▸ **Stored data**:

========================

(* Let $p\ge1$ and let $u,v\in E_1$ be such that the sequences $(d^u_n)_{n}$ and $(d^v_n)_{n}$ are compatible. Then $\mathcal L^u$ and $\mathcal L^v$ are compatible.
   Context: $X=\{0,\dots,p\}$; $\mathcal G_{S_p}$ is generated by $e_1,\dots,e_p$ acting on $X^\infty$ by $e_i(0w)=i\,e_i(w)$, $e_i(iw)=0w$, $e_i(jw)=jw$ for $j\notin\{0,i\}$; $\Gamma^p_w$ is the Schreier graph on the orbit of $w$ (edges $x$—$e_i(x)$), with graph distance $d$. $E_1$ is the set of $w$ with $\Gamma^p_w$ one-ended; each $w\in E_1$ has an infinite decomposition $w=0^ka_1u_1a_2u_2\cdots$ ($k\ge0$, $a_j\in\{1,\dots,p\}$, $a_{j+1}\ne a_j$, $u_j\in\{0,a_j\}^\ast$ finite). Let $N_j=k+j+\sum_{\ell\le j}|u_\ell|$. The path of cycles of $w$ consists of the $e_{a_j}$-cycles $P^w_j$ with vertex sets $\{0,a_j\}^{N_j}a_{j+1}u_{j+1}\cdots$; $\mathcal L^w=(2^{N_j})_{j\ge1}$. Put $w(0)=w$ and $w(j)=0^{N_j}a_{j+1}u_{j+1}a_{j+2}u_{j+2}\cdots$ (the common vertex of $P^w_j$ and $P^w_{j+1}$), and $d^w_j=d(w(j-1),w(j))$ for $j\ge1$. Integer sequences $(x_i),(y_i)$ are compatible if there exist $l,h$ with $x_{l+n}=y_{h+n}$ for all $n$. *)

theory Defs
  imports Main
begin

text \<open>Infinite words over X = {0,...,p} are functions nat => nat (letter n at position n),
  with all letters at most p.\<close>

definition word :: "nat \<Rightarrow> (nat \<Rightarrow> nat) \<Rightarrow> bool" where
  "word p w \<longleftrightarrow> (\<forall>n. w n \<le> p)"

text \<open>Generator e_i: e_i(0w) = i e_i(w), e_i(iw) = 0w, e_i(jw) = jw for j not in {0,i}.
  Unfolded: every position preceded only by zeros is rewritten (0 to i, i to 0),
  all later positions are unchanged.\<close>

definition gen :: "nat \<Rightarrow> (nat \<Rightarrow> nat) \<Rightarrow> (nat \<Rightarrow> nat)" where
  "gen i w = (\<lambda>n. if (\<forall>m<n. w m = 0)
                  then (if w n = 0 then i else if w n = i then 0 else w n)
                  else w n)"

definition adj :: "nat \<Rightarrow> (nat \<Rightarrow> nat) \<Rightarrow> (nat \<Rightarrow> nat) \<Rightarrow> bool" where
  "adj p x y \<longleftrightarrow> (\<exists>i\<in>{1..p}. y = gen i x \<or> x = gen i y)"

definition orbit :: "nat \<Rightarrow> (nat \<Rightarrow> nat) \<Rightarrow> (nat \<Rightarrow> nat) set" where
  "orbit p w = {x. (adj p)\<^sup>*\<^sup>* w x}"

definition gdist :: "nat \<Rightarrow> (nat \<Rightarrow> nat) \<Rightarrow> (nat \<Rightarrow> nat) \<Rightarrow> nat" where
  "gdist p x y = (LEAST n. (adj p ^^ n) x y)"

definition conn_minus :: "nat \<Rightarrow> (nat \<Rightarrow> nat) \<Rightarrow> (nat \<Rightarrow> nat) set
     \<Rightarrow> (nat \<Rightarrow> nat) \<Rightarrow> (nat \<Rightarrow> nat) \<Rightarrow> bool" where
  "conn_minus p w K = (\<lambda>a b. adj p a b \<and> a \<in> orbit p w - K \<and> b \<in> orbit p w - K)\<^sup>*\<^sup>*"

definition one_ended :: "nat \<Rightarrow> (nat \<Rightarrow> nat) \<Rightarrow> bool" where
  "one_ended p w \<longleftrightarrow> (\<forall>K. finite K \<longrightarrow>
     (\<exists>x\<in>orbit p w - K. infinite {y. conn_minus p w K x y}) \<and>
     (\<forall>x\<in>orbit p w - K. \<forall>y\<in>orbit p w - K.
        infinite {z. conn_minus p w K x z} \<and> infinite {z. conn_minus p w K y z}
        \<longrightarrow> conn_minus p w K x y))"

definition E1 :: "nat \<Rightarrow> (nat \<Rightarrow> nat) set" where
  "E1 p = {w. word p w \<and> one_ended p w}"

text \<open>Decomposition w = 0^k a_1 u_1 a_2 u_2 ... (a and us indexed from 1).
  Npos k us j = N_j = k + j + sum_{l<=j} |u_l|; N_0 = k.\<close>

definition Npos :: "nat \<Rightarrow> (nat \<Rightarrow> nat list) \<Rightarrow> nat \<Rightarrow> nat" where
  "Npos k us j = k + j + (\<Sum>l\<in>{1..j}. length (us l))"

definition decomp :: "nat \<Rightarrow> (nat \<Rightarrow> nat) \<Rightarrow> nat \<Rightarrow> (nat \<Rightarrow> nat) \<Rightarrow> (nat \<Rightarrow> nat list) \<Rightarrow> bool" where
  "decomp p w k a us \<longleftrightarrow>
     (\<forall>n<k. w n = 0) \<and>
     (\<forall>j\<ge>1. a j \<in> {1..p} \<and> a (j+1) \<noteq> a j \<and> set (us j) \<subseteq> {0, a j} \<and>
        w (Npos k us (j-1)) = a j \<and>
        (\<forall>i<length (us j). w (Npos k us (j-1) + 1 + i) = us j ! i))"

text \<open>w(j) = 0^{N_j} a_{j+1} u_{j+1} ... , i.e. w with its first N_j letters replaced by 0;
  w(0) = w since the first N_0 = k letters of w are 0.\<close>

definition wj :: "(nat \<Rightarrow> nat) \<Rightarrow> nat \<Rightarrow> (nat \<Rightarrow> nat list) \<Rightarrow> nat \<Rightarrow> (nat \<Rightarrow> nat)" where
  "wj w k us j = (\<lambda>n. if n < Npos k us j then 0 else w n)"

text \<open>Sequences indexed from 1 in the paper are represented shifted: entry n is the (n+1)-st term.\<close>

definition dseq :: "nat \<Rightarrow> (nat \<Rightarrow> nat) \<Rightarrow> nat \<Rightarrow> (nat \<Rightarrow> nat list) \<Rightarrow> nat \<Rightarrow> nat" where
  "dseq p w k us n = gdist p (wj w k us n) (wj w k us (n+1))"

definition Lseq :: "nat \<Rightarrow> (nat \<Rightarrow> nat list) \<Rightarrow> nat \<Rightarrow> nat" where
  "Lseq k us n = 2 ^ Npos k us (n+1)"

========================

▸ **EXERCISE**:
Of all the entries above, repeat only the lines from the line that has "(\<forall>i<length (us j)." to the line that has "w(0) = w since", both lines included, exactly.

▸ **EXPECTED ANSWER**:
        (\<forall>i<length (us j). w (Npos k us (j-1) + 1 + i) = us j ! i))"

text \<open>w(j) = 0^{N_j} a_{j+1} u_{j+1} ... , i.e. w with its first N_j letters replaced by 0;
  w(0) = w since the first N_0 = k letters of w are 0.\<close>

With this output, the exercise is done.